DPDP Act Consent Requirements: What Valid Consent Means

What constitutes valid consent under India's DPDP Act 2023? This guide covers the four requirements for valid consent, consent notices, bundled consent, and children's consent.

Key Takeaways
  • Valid consent under Section 6 must be free, specific, informed, unconditional, and unambiguous — a pre-ticked box does not qualify.
  • Consent must be accompanied by a privacy notice that explains what data is collected and why.
  • Bundled consent — one checkbox for multiple unrelated purposes — is not valid under the DPDP Act.
  • Withdrawing consent must be as easy as giving it, and no fees may be charged for withdrawal.
  • Consent for children requires verifiable parental consent; the Rules will specify the verification mechanism.

Section 6(1) of the DPDP Act defines valid consent as consent that is "free, specific, informed, unconditional and unambiguous with a clear affirmative action." Each of these five elements is a necessary condition — fail any one and the consent is invalid.

"Free" means the consent was not coerced or made a condition of receiving a service where processing is not necessary for that service. Requiring a user to consent to marketing emails in order to create an account is not free consent if marketing is not integral to the service. "Specific" means consent is sought for a defined, granular purpose — not a broad sweep of possible future uses.

"Informed" means the Data Principal was given a clear privacy notice before consenting. "Unconditional" means no obligation is attached to the consent decision. "Unambiguous with a clear affirmative action" means the person must actively do something to signal consent — clicking "I agree," checking a box, or signing a form. Silence, pre-checked boxes, and continuing to use a service do not constitute consent.

The Consent Notice Requirement

Section 5 requires that before seeking consent, the Data Fiduciary must provide a notice containing: (a) the personal data to be collected; (b) the purpose for which it will be processed; (c) the manner in which the Data Principal may exercise their rights; and (d) the manner in which the Data Principal may withdraw consent.

The notice must be in clear, plain language — not legalese. It must be accessible in English or any language specified in the Eighth Schedule of the Constitution, allowing notices in Hindi, Tamil, Bengali, and 18 other scheduled languages. This is a significant operational requirement for consumer-facing companies with pan-India user bases.

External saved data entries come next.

lemma config_of_convex_combination:
  fixes pts :: "nat \<Rightarrow> real^'n::finite"
  assumes I: "finite I" and pts: "pts ` I \<subseteq> sphere 0 1" and u: "\<And>i. i \<in> I \<Longrightarrow> u i \<ge> 0"
    and sum_u: "(\<Sum>i\<in>I. u i) = 1"
  obtains x w where "config m x w" "\<And>\<alpha>. \<alpha> \<in> (multi_idx m :: ('n \<Rightarrow> nat) set) \<Longrightarrow>
    (\<Sum>i<moment_count TYPE('n) m. w i * monomial \<alpha> (x i)) = (\<Sum>i\<in>I. u i * monomial \<alpha> (pts i))"
proof -
  let ?D = "moment_count TYPE('n) m"
  obtain J u' where J: "J \<subseteq> I" "card J \<le> ?D" "\<forall>i\<in>J. u' i \<ge> 0"
    "\<forall>\<alpha>\<in>multi_idx m. (\<Sum>i\<in>J. u' i * monomial \<alpha> (pts i)) = (\<Sum>i\<in>I. u i * monomial \<alpha> (pts i))"
    using caratheodory_reduction[OF finite_multi_idx[of m] zero_in_multi_idx[of m],
        where g = monomial and I = I and u = u and pts = pts] I u
    by (auto simp: moment_count_def)
  obtain x w where xw: "\<And>i. i < ?D \<Longrightarrow> x i \<in> sphere 0 1" "\<And>i. w i \<in> insert 0 (u' ` J)"
    "\<And>f. (\<Sum>i<?D. w i * f (x i)) = (\<Sum>j\<in>J. u' j * f (pts j))"
  proof (rule finite_sum_as_padded_sum[of J ?D pts "sphere 0 1" u'])
    show "finite J" using J(1) I finite_subset by blast
    show "pts ` J \<subseteq> sphere 0 1" using J(1) pts by blast
  qed (use J(2) sphere_nonempty in auto)
  have moments: "(\<Sum>i<?D. w i * monomial \<alpha> (x i)) = (\<Sum>i\<in>I. u i * monomial \<alpha> (pts i))"
    if "\<alpha> \<in> multi_idx m" for \<alpha>
    using xw(3) J(4) that by simp
  have sum_w: "(\<Sum>i<?D. w i) = 1"
    using moments[OF zero_in_multi_idx] sum_u by simp
  have "w i \<ge> 0" for i
    using xw(2)[of i] J(3) by auto
  then have "w i \<le> 1" if "i < ?D" for i
    using sum_w member_le_sum[of i "{..<?D}" w] that by simp
  then have "config m x w"
    using xw(1) sum_w \<open>\<And>i. w i \<ge> 0\<close> by (simp add: config_def)
  then show ?thesis
    using that moments by blast
qed

lemma tendsto_moment_defect:
  assumes "\<And>i. i < moment_count TYPE('n::finite) m \<Longrightarrow> ((\<lambda>k. x k i) \<longlongrightarrow> (x' i :: real^'n)) F"
    "\<And>i. i < moment_count TYPE('n) m \<Longrightarrow> ((\<lambda>k. u k i) \<longlongrightarrow> u' i) F"
  shows "((\<lambda>k. moment_defect m (x k) (u k)) \<longlongrightarrow> moment_defect m x' u') F"
  unfolding moment_defect_def using assms
  by (intro tendsto_sum tendsto_power tendsto_diff tendsto_mult tendsto_const tendsto_monomial) auto

lemma moment_defect_nonneg: "moment_defect m x u \<ge> 0"
  unfolding moment_defect_def by (intro sum_nonneg) auto

lemma moment_defect_minimizer:
  "\<exists>(x :: nat \<Rightarrow> real^'n::finite) u. config m x u \<and>
     (\<forall>(x' :: nat \<Rightarrow> real^'n) u'. config m x' u' \<longrightarrow> moment_defect m x u \<le> moment_defect m x' u')"
proof -
  let ?D = "moment_count TYPE('n) m"
  define Q where "Q = {moment_defect m x u | (x :: nat \<Rightarrow> real^'n) u. config m x u}"
  obtain s :: "real^'n" where "s \<in> sphere 0 1"
    using sphere_nonempty by blast
  then have "config m (\<lambda>_. s) (\<lambda>_. 1 / real ?D)"
    using moment_count_pos[where 'n='n and m=m] by (auto simp: config_def)
  then have ne: "Q \<noteq> {}"
    unfolding Q_def by blast
  have bdd: "bdd_below Q"
    unfolding Q_def bdd_below_def using moment_defect_nonneg by blast
  define q where "q = Inf Q"
  have q_le: "q \<le> moment_defect m x u" if "config m x u" for x :: "nat \<Rightarrow> real^'n" and u
    unfolding q_def using that bdd by (intro cInf_lower) (auto simp: Q_def)
  have "\<exists>x u. config m (x :: nat \<Rightarrow> real^'n) u \<and> moment_defect m x u < q + 1 / real (Suc k)" for k
    using cInf_lessD[OF ne, of "q + 1 / real (Suc k)"] unfolding Q_def q_def by auto
  then obtain xk uk where k: "\<And>k. config m (xk k :: nat \<Rightarrow> real^'n) (uk k)"
    "\<And>k. moment_defect m (xk k) (uk k) < q + 1 / real (Suc k)"
    by metis
  have "compact (sphere (0::real^'n) 1 \<times> {0::real..1})"
    by (intro compact_Times) auto
  moreover have "(xk k i, uk k i) \<in> sphere 0 1 \<times> {0..1}" if "i < ?D" for k i
    using k(1)[of k] that by (auto simp: config_def)
  ultimately obtain l r where r: "strict_mono r" and
    l: "\<forall>i<?D. l i \<in> sphere 0 1 \<times> {0..1} \<and> ((\<lambda>k. (xk (r k) i, uk (r k) i)) \<longlonglongrightarrow> l i)"
    using compact_finite_family_convergent_subseq[of _ ?D "\<lambda>k i. (xk k i, uk k i)"] by blast
  define x where "x i = fst (l i)" for i
  define u where "u i = snd (l i)" for i
  have lim_x: "(\<lambda>k. xk (r k) i) \<longlonglongrightarrow> x i" and lim_u: "(\<lambda>k. uk (r k) i) \<longlonglongrightarrow> u i"
    if "i < ?D" for i
    using l that tendsto_fst tendsto_snd unfolding x_def u_def by fastforce+
  have "(\<lambda>k. \<Sum>i<?D. uk (r k) i) \<longlonglongrightarrow> (\<Sum>i<?D. u i)"
    by (intro tendsto_sum lim_u) auto
  moreover have "(\<lambda>k. \<Sum>i<?D. uk (r k) i) = (\<lambda>k. 1)"
    using k(1) by (auto simp: config_def)
  ultimately have "(\<Sum>i<?D. u i) = 1"
    using LIMSEQ_unique tendsto_const by metis
  then have cfg: "config m x u"
    using l by (auto simp: config_def x_def u_def mem_Times_iff)
  have "(\<lambda>k. 1 / real (Suc (r k))) \<longlonglongrightarrow> 0"
    using LIMSEQ_subseq_LIMSEQ[OF LIMSEQ_inverse_real_of_nat r] by (simp add: o_def inverse_eq_divide)
  then have "(\<lambda>k. q + 1 / real (Suc (r k))) \<longlonglongrightarrow> q"
    using tendsto_add[OF tendsto_const[of q]] by fastforce
  moreover have "(\<lambda>k. moment_defect m (xk (r k)) (uk (r k))) \<longlonglongrightarrow> moment_defect m x u"
    by (rule tendsto_moment_defect) (auto intro: lim_x lim_u)
  ultimately have "moment_defect m x u \<le> q"
    using LIMSEQ_le k(2) less_imp_le by blast
  then show ?thesis
    using cfg q_le by (meson order.trans)
qed

lemma nonpos_of_quadratic_perturbation:
  fixes P R :: real
  assumes "\<And>l. 0 < l \<Longrightarrow> l \<le> 1 \<Longrightarrow> 2 * l * P \<le> l\<^sup>2 * R"
  shows "P \<le> 0"
proof (rule ccontr)
  assume "\<not> P \<le> 0"
  then have P: "P > 0" by simp
  have "R \<ge> 0"
    using assms[of 1] P by simp
  define l where "l = min 1 (P / (R + 1))"
  have l: "0 < l" "l \<le> 1"
    using P \<open>R \<ge> 0\<close> by (auto simp: l_def)
  have "2 * l * P \<le> l\<^sup>2 * R"
    by (rule assms[OF l])
  then have "2 * P \<le> l * R"
    using l by (simp add: power2_eq_square mult.assoc)
  also have "l * R \<le> P / (R + 1) * R"
    using \<open>R \<ge> 0\<close> by (intro mult_right_mono) (auto simp: l_def)
  also have "\<dots> < P"
    using P \<open>R \<ge> 0\<close> by (simp add: field_simps)
  finally show False
    using P by simp
qed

The notice is separate from your privacy policy. A full privacy policy may contain all required elements, but the Data Principal must be able to find the notice easily before or at the point of consent. A link buried in footer text to a 10,000-word privacy policy does not satisfy the notice requirement.

Section 6(1)'s "specific" requirement prohibits bundled consent — the common practice of seeking one consent for multiple distinct processing purposes. You cannot, for example, use a single checkbox to consent to: account registration, marketing emails, analytics tracking, and sharing with third-party partners. Each distinct purpose requires separate consent.

This has significant implications for product design and onboarding flows. Companies that currently use a single "I accept the terms and privacy policy" checkbox must redesign to present separate consent requests for each material processing purpose. Each consent request must clearly state what it covers.

Practically, this means your registration flow might have: one consent for account creation (core service delivery — possibly a legitimate use rather than consent), a separate opt-in for marketing communications, and a separate opt-in for analytics or profiling. Each must be independently revocable.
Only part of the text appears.